(* Let $\mathbf{A}=\langle A;\oplus,-,{}^{+},{}^{-},0,1\rangle$ be a quasi-MV* algebra. For $x,y\in A$ define $x\to y:=-x\oplus y$ and $\neg x:=-x$. Then $f(\mathbf{A})=\langle A;\to,\neg,{}^{+},{}^{-},1\rangle$ (with ${}^+,{}^-,1$ those of $\mathbf{A}$) is a quasi-Wajsberg* algebra, where in $f(\mathbf{A})$ the join is $x\vee y=((x^{+}\to y^{+})^{+}\to(\neg x)^{-})\to((y^{-}\to x^{-})^{-}\to x^{-})$.
   Context: A quasi-MV* algebra is an algebra $\langle A;\oplus,-,{}^{+},{}^{-},0,1\rangle$ of type $\langle2,1,1,1,0,0\rangle$ such that for all $x,y,z\in A$: (QMV*1) $x\oplus y=y\oplus x$; (QMV*2) $(1\oplus x)\oplus(y\oplus(1\oplus z))=((1\oplus x)\oplus y)\oplus(1\oplus z)$; (QMV*3) $(x\oplus 1)\oplus 1=1$; (QMV*4) $(x\oplus y)\oplus 0=x\oplus y$; (QMV*5) $x^{+}\oplus 0=(x\oplus 0)^{+}=1\oplus(-1\oplus x)$ and $x^{-}\oplus 0=(x\oplus 0)^{-}=-1\oplus(1\oplus x)$; (QMV*6) $x\oplus y=(x^{+}\oplus y^{+})\oplus(x^{-}\oplus y^{-})$; (QMV*7) $0=-0$; (QMV*8) $x\oplus(-x)=0$; (QMV*9) $-(x\oplus y)=-x\oplus(-y)$; (QMV*10) $-(-x)=x$; (QMV*11) $(-x\oplus(x\oplus y))^{+}=-x^{+}\oplus(x^{+}\oplus y^{+})$; (QMV*12) $x\vee y=y\vee x$; (QMV*13) $x\vee(y\vee z)=(x\vee y)\vee z$; (QMV*14) $x\oplus(y\vee z)=(x\oplus y)\vee(x\oplus z)$; where $x\vee y:=(x^{+}\oplus(-x^{+}\oplus y^{+})^{+})\oplus(x^{-}\oplus(-x^{-}\oplus y^{-})^{+})$, and ${}^+,{}^-$ bind tighter than $-$. A quasi-Wajsberg* algebra is an algebra $\langle W;\to,\neg,{}^{+},{}^{-},1\rangle$ of type $\langle2,1,1,1,0\rangle$ such that for all $x,y,z\in W$: (QW*1) $x\to y=\neg y\to\neg x$; (QW*2) $(x\to 1)\to((y\to 1)\to z)=(y\to 1)\to((x\to 1)\to z)$; (QW*3) $(1\to x)\to 1=1$; (QW*4) $(z\to z)\to(x\to y)=x\to y$; (QW*5) $(1\to 1)\to x^{+}=((1\to 1)\to x)^{+}=(x\to 1)\to 1$ and $(1\to 1)\to x^{-}=((1\to 1)\to x)^{-}=(x\to\neg 1)\to\neg 1$; (QW*6) $x\to y=(y^{+}\to x^{-})\to(x^{+}\to y^{-})$; (QW*7) $\neg(x\to y)=y\to x$; (QW*8) $\neg\neg x=x$; (QW*9) $(x\to(\neg x\to y))^{+}=x^{+}\to(\neg x^{+}\to y^{+})$; (QW*10) $x\vee y=y\vee x$; (QW*11) $x\vee(y\vee z)=(x\vee y)\vee z$; (QW*12) $x\to(y\vee z)=(x\to y)\vee(x\to z)$; where $x\vee y:=((x^{+}\to y^{+})^{+}\to(\neg x)^{-})\to((y^{-}\to x^{-})^{-}\to x^{-})$. Conventions: ${}^+,{}^-$ bind tighter than $\neg$, which binds tighter than $\to$. *)

theory Defs
  imports Main
begin

definition qmv_join ::
  "('a \<Rightarrow> 'a \<Rightarrow> 'a) \<Rightarrow> ('a \<Rightarrow> 'a) \<Rightarrow> ('a \<Rightarrow> 'a) \<Rightarrow> ('a \<Rightarrow> 'a) \<Rightarrow> 'a \<Rightarrow> 'a \<Rightarrow> 'a" where
  "qmv_join opl neg pl mi x y =
     opl (opl (pl x) (pl (opl (neg (pl x)) (pl y))))
         (opl (mi x) (pl (opl (neg (mi x)) (mi y))))"

definition quasi_MV_star ::
  "('a \<Rightarrow> 'a \<Rightarrow> 'a) \<Rightarrow> ('a \<Rightarrow> 'a) \<Rightarrow> ('a \<Rightarrow> 'a) \<Rightarrow> ('a \<Rightarrow> 'a) \<Rightarrow> 'a \<Rightarrow> 'a \<Rightarrow> bool" where
  "quasi_MV_star opl neg pl mi zero one \<longleftrightarrow>
    (\<forall>x y z.
      opl x y = opl y x \<and>
      opl (opl one x) (opl y (opl one z)) = opl (opl (opl one x) y) (opl one z) \<and>
      opl (opl x one) one = one \<and>
      opl (opl x y) zero = opl x y \<and>
      opl (pl x) zero = pl (opl x zero) \<and>
      pl (opl x zero) = opl one (opl (neg one) x) \<and>
      opl (mi x) zero = mi (opl x zero) \<and>
      mi (opl x zero) = opl (neg one) (opl one x) \<and>
      opl x y = opl (opl (pl x) (pl y)) (opl (mi x) (mi y)) \<and>
      zero = neg zero \<and>
      opl x (neg x) = zero \<and>
      neg (opl x y) = opl (neg x) (neg y) \<and>
      neg (neg x) = x \<and>
      pl (opl (neg x) (opl x y)) = opl (neg (pl x)) (opl (pl x) (pl y)) \<and>
      qmv_join opl neg pl mi x y = qmv_join opl neg pl mi y x \<and>
      qmv_join opl neg pl mi x (qmv_join opl neg pl mi y z)
        = qmv_join opl neg pl mi (qmv_join opl neg pl mi x y) z \<and>
      opl x (qmv_join opl neg pl mi y z)
        = qmv_join opl neg pl mi (opl x y) (opl x z))"

definition qw_join ::
  "('a \<Rightarrow> 'a \<Rightarrow> 'a) \<Rightarrow> ('a \<Rightarrow> 'a) \<Rightarrow> ('a \<Rightarrow> 'a) \<Rightarrow> ('a \<Rightarrow> 'a) \<Rightarrow> 'a \<Rightarrow> 'a \<Rightarrow> 'a" where
  "qw_join imp neg pl mi x y =
     imp (imp (pl (imp (pl x) (pl y))) (mi (neg x)))
         (imp (mi (imp (mi y) (mi x))) (mi x))"

definition quasi_W_star ::
  "('a \<Rightarrow> 'a \<Rightarrow> 'a) \<Rightarrow> ('a \<Rightarrow> 'a) \<Rightarrow> ('a \<Rightarrow> 'a) \<Rightarrow> ('a \<Rightarrow> 'a) \<Rightarrow> 'a \<Rightarrow> bool" where
  "quasi_W_star imp neg pl mi one \<longleftrightarrow>
    (\<forall>x y z.
      imp x y = imp (neg y) (neg x) \<and>
      imp (imp x one) (imp (imp y one) z) = imp (imp y one) (imp (imp x one) z) \<and>
      imp (imp one x) one = one \<and>
      imp (imp z z) (imp x y) = imp x y \<and>
      imp (imp one one) (pl x) = pl (imp (imp one one) x) \<and>
      pl (imp (imp one one) x) = imp (imp x one) one \<and>
      imp (imp one one) (mi x) = mi (imp (imp one one) x) \<and>
      mi (imp (imp one one) x) = imp (imp x (neg one)) (neg one) \<and>
      imp x y = imp (imp (pl y) (mi x)) (imp (pl x) (mi y)) \<and>
      neg (imp x y) = imp y x \<and>
      neg (neg x) = x \<and>
      pl (imp x (imp (neg x) y)) = imp (pl x) (imp (neg (pl x)) (pl y)) \<and>
      qw_join imp neg pl mi x y = qw_join imp neg pl mi y x \<and>
      qw_join imp neg pl mi x (qw_join imp neg pl mi y z)
        = qw_join imp neg pl mi (qw_join imp neg pl mi x y) z \<and>
      imp x (qw_join imp neg pl mi y z)
        = qw_join imp neg pl mi (imp x y) (imp x z))"

end

theory Submission
  imports Defs
begin

(* Since - is an involution distributing over \<oplus>, most QW* axioms for x \<rightarrow> y = -x \<oplus> y are
   QMV* axioms read through negation. The others depend on right absorption
   x \<oplus> (y \<oplus> 0) = x \<oplus> y, which is not immediate because x \<oplus> 0 = x fails in general:
   the join is idempotent up to \<oplus> 0 and \<oplus> distributes over it (QMV*14). Absorption makes
   -(x\<^sup>-) and (-x)\<^sup>+ interchangeable as summands, which turns QMV*6 into QW*6 and the
   QW* join into the QMV* join. *)

locale quasi_MV_star_algebra =
  fixes opl :: "'a \<Rightarrow> 'a \<Rightarrow> 'a" (infixl "\<oplus>" 65)
    and neg pl mi :: "'a \<Rightarrow> 'a" and zero one :: 'a
  assumes add_commute: "x \<oplus> y = y \<oplus> x"
    and one_add_assoc: "(one \<oplus> x) \<oplus> (y \<oplus> (one \<oplus> z)) = ((one \<oplus> x) \<oplus> y) \<oplus> (one \<oplus> z)"
    and add_one_one: "(x \<oplus> one) \<oplus> one = one"
    and add_add_zero: "(x \<oplus> y) \<oplus> zero = x \<oplus> y"
    and plus_add_zero: "pl x \<oplus> zero = pl (x \<oplus> zero)"
    and plus_add_zero_eq: "pl (x \<oplus> zero) = one \<oplus> (neg one \<oplus> x)"
    and minus_add_zero: "mi x \<oplus> zero = mi (x \<oplus> zero)"
    and minus_add_zero_eq: "mi (x \<oplus> zero) = neg one \<oplus> (one \<oplus> x)"
    and add_split: "x \<oplus> y = (pl x \<oplus> pl y) \<oplus> (mi x \<oplus> mi y)"
    and zero_eq_neg_zero: "zero = neg zero"
    and add_neg_self: "x \<oplus> neg x = zero"
    and neg_add: "neg (x \<oplus> y) = neg x \<oplus> neg y"
    and neg_neg: "neg (neg x) = x"
    and plus_neg_add_add: "pl (neg x \<oplus> (x \<oplus> y)) = neg (pl x) \<oplus> (pl x \<oplus> pl y)"
    and join_commute: "qmv_join opl neg pl mi x y = qmv_join opl neg pl mi y x"
    and join_assoc: "qmv_join opl neg pl mi x (qmv_join opl neg pl mi y z)
                       = qmv_join opl neg pl mi (qmv_join opl neg pl mi x y) z"
    and add_join_distrib: "x \<oplus> qmv_join opl neg pl mi y z
                             = qmv_join opl neg pl mi (x \<oplus> y) (x \<oplus> z)"
begin

abbreviation join :: "'a \<Rightarrow> 'a \<Rightarrow> 'a" where
  "join \<equiv> qmv_join opl neg pl mi"

lemma neg_one_add_assoc:
  "(neg one \<oplus> x) \<oplus> (y \<oplus> (neg one \<oplus> z)) = ((neg one \<oplus> x) \<oplus> y) \<oplus> (neg one \<oplus> z)"
  using arg_cong [OF one_add_assoc [of "neg x" "neg y" "neg z"], of neg]
  by (simp add: neg_add neg_neg)

lemma neg_self_add: "neg x \<oplus> x = zero"
  using add_commute add_neg_self by metis

lemma neg_neg_self_add: "neg (neg y \<oplus> y) \<oplus> x = x \<oplus> zero"
  using add_commute neg_self_add zero_eq_neg_zero by metis

lemma zero_add_zero: "zero \<oplus> zero = zero"
  using add_add_zero add_neg_self by metis

lemma one_add_zero: "one \<oplus> zero = one"
  using add_one_one [of "neg one"] by (metis neg_self_add add_commute)

lemma neg_one_add_zero: "neg one \<oplus> zero = neg one"
  using arg_cong [OF one_add_zero, of neg] by (simp add: neg_add zero_eq_neg_zero [symmetric])

lemma plus_zero: "pl zero = zero"
  using plus_add_zero_eq [of zero] by (simp add: zero_add_zero neg_one_add_zero add_neg_self)

lemma minus_zero: "mi zero = zero"
  using minus_add_zero_eq [of zero] by (simp add: zero_add_zero one_add_zero neg_self_add)

lemma join_self: "join x x = x \<oplus> zero"
proof -
  have "join x x = (pl x \<oplus> pl zero) \<oplus> (mi x \<oplus> pl zero)"
    by (simp add: qmv_join_def neg_self_add)
  also have "\<dots> = (pl x \<oplus> pl zero) \<oplus> (mi x \<oplus> mi zero)"
    by (simp add: plus_zero minus_zero)
  finally show ?thesis
    by (simp add: add_split [symmetric])
qed

lemma add_right_add_zero: "x \<oplus> (y \<oplus> zero) = x \<oplus> y"
proof -
  have "x \<oplus> (y \<oplus> zero) = x \<oplus> join y y"
    by (simp add: join_self)
  also have "\<dots> = join (x \<oplus> y) (x \<oplus> y)"
    by (rule add_join_distrib)
  finally show ?thesis
    by (simp add: join_self add_add_zero)
qed

lemma add_zero_add: "(x \<oplus> zero) \<oplus> y = x \<oplus> y"
  using add_right_add_zero add_commute by metis

lemma neg_minus_add: "neg (mi x) \<oplus> y = pl (neg x) \<oplus> y"
proof -
  have "neg (mi x) \<oplus> zero = neg (mi (x \<oplus> zero))"
    by (simp add: neg_add zero_eq_neg_zero [symmetric] minus_add_zero [symmetric])
  also have "\<dots> = one \<oplus> (neg one \<oplus> neg x)"
    by (simp add: minus_add_zero_eq neg_add neg_neg)
  also have "\<dots> = pl (neg x) \<oplus> zero"
    by (simp add: plus_add_zero plus_add_zero_eq)
  finally show ?thesis
    using add_zero_add by metis
qed

lemma add_neg_minus: "y \<oplus> neg (mi x) = y \<oplus> pl (neg x)"
  using neg_minus_add add_commute by metis

lemma neg_plus_add: "neg (pl x) \<oplus> y = mi (neg x) \<oplus> y"
proof -
  have "neg (pl x) \<oplus> zero = neg (pl (x \<oplus> zero))"
    by (simp add: neg_add zero_eq_neg_zero [symmetric] plus_add_zero [symmetric])
  also have "\<dots> = neg one \<oplus> (one \<oplus> neg x)"
    by (simp add: plus_add_zero_eq neg_add neg_neg)
  also have "\<dots> = mi (neg x) \<oplus> zero"
    by (simp add: minus_add_zero minus_add_zero_eq)
  finally show ?thesis
    using add_zero_add by metis
qed

lemma neg_add_split: "neg x \<oplus> y = (neg (mi x) \<oplus> pl y) \<oplus> (neg (pl x) \<oplus> mi y)"
proof -
  have "neg x \<oplus> y = (pl (neg x) \<oplus> pl y) \<oplus> (mi (neg x) \<oplus> mi y)"
    by (rule add_split)
  also have "\<dots> = (neg (mi x) \<oplus> pl y) \<oplus> (neg (pl x) \<oplus> mi y)"
    by (simp add: neg_minus_add neg_plus_add)
  finally show ?thesis .
qed

lemma qw_join_neg_add: "qw_join (\<lambda>x y. neg x \<oplus> y) neg pl mi x y = join x y"
proof -
  have "qw_join (\<lambda>x y. neg x \<oplus> y) neg pl mi x y
      = (pl (neg (pl x) \<oplus> pl y) \<oplus> neg (mi (neg x))) \<oplus> (neg (mi (neg (mi y) \<oplus> mi x)) \<oplus> mi x)"
    by (simp add: qw_join_def neg_add neg_neg)
  also have "\<dots> = (pl (neg (pl x) \<oplus> pl y) \<oplus> pl x) \<oplus> (pl (neg (neg (mi y) \<oplus> mi x)) \<oplus> mi x)"
    by (simp only: neg_minus_add add_neg_minus neg_neg)
  finally show ?thesis
    by (simp add: qmv_join_def add_commute neg_add neg_neg)
qed

theorem quasi_W_star_neg_add: "quasi_W_star (\<lambda>x y. neg x \<oplus> y) neg pl mi one"
  unfolding quasi_W_star_def qw_join_neg_add
proof (intro allI conjI)
  fix x y z
  show "neg x \<oplus> y = neg (neg y) \<oplus> neg x"
    by (simp add: neg_neg add_commute)
  show "neg (neg x \<oplus> one) \<oplus> (neg (neg y \<oplus> one) \<oplus> z)
      = neg (neg y \<oplus> one) \<oplus> (neg (neg x \<oplus> one) \<oplus> z)"
  proof -
    have "(neg one \<oplus> x) \<oplus> ((neg one \<oplus> y) \<oplus> z) = (neg one \<oplus> x) \<oplus> (z \<oplus> (neg one \<oplus> y))"
      by (simp only: add_commute [of "neg one \<oplus> y" z])
    also have "\<dots> = ((neg one \<oplus> x) \<oplus> z) \<oplus> (neg one \<oplus> y)"
      by (rule neg_one_add_assoc)
    also have "\<dots> = (neg one \<oplus> y) \<oplus> ((neg one \<oplus> x) \<oplus> z)"
      by (rule add_commute)
    moreover have "neg (neg u \<oplus> one) = neg one \<oplus> u" for u
      by (simp add: neg_add neg_neg add_commute)
    ultimately show ?thesis
      by (simp only:)
  qed
  show "neg (neg one \<oplus> x) \<oplus> one = one"
    by (simp add: neg_add neg_neg add_commute [of one] add_one_one)
  show "neg (neg z \<oplus> z) \<oplus> (neg x \<oplus> y) = neg x \<oplus> y"
    by (simp only: neg_neg_self_add add_add_zero)
  show "neg (neg one \<oplus> one) \<oplus> pl x = pl (neg (neg one \<oplus> one) \<oplus> x)"
    by (simp only: neg_neg_self_add plus_add_zero)
  show "pl (neg (neg one \<oplus> one) \<oplus> x) = neg (neg x \<oplus> one) \<oplus> one"
    unfolding neg_neg_self_add by (simp add: plus_add_zero_eq neg_add neg_neg add_commute)
  show "neg (neg one \<oplus> one) \<oplus> mi x = mi (neg (neg one \<oplus> one) \<oplus> x)"
    by (simp only: neg_neg_self_add minus_add_zero)
  show "mi (neg (neg one \<oplus> one) \<oplus> x) = neg (neg x \<oplus> neg one) \<oplus> neg one"
    unfolding neg_neg_self_add by (simp add: minus_add_zero_eq neg_add neg_neg add_commute)
  show "neg x \<oplus> y = neg (neg (pl y) \<oplus> mi x) \<oplus> (neg (pl x) \<oplus> mi y)"
    unfolding neg_add_split [of x y] by (simp add: neg_add neg_neg add_commute)
  show "neg (neg x \<oplus> y) = neg y \<oplus> x"
    by (simp add: neg_add neg_neg add_commute)
  show "neg (neg x) = x"
    by (rule neg_neg)
  show "pl (neg x \<oplus> (neg (neg x) \<oplus> y)) = neg (pl x) \<oplus> (neg (neg (pl x)) \<oplus> pl y)"
    by (simp add: neg_neg plus_neg_add_add)
  show "join x y = join y x"
    by (rule join_commute)
  show "join x (join y z) = join (join x y) z"
    by (rule join_assoc)
  show "neg x \<oplus> join y z = join (neg x \<oplus> y) (neg x \<oplus> z)"
    by (rule add_join_distrib)
qed

end

theorem proposition3p6:
  fixes opl :: "'a \<Rightarrow> 'a \<Rightarrow> 'a" and neg pl mi :: "'a \<Rightarrow> 'a" and zero one :: 'a
  assumes "quasi_MV_star opl neg pl mi zero one"
  shows "quasi_W_star (\<lambda>x y. opl (neg x) y) neg pl mi one"
proof -
  interpret quasi_MV_star_algebra opl neg pl mi zero one
    using assms unfolding quasi_MV_star_def by unfold_locales blast+
  show ?thesis
    by (rule quasi_W_star_neg_add)
qed

end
──────
Try it: Show all lines above that contain "bool".

Solution below:
  "('a \<Rightarrow> 'a \<Rightarrow> 'a) \<Rightarrow> ('a \<Rightarrow> 'a) \<Rightarrow> ('a \<Rightarrow> 'a) \<Rightarrow> ('a \<Rightarrow> 'a) \<Rightarrow> 'a \<Rightarrow> 'a \<Rightarrow> bool" where
  "('a \<Rightarrow> 'a \<Rightarrow> 'a) \<Rightarrow> ('a \<Rightarrow> 'a) \<Rightarrow> ('a \<Rightarrow> 'a) \<Rightarrow> ('a \<Rightarrow> 'a) \<Rightarrow> 'a \<Rightarrow> bool" where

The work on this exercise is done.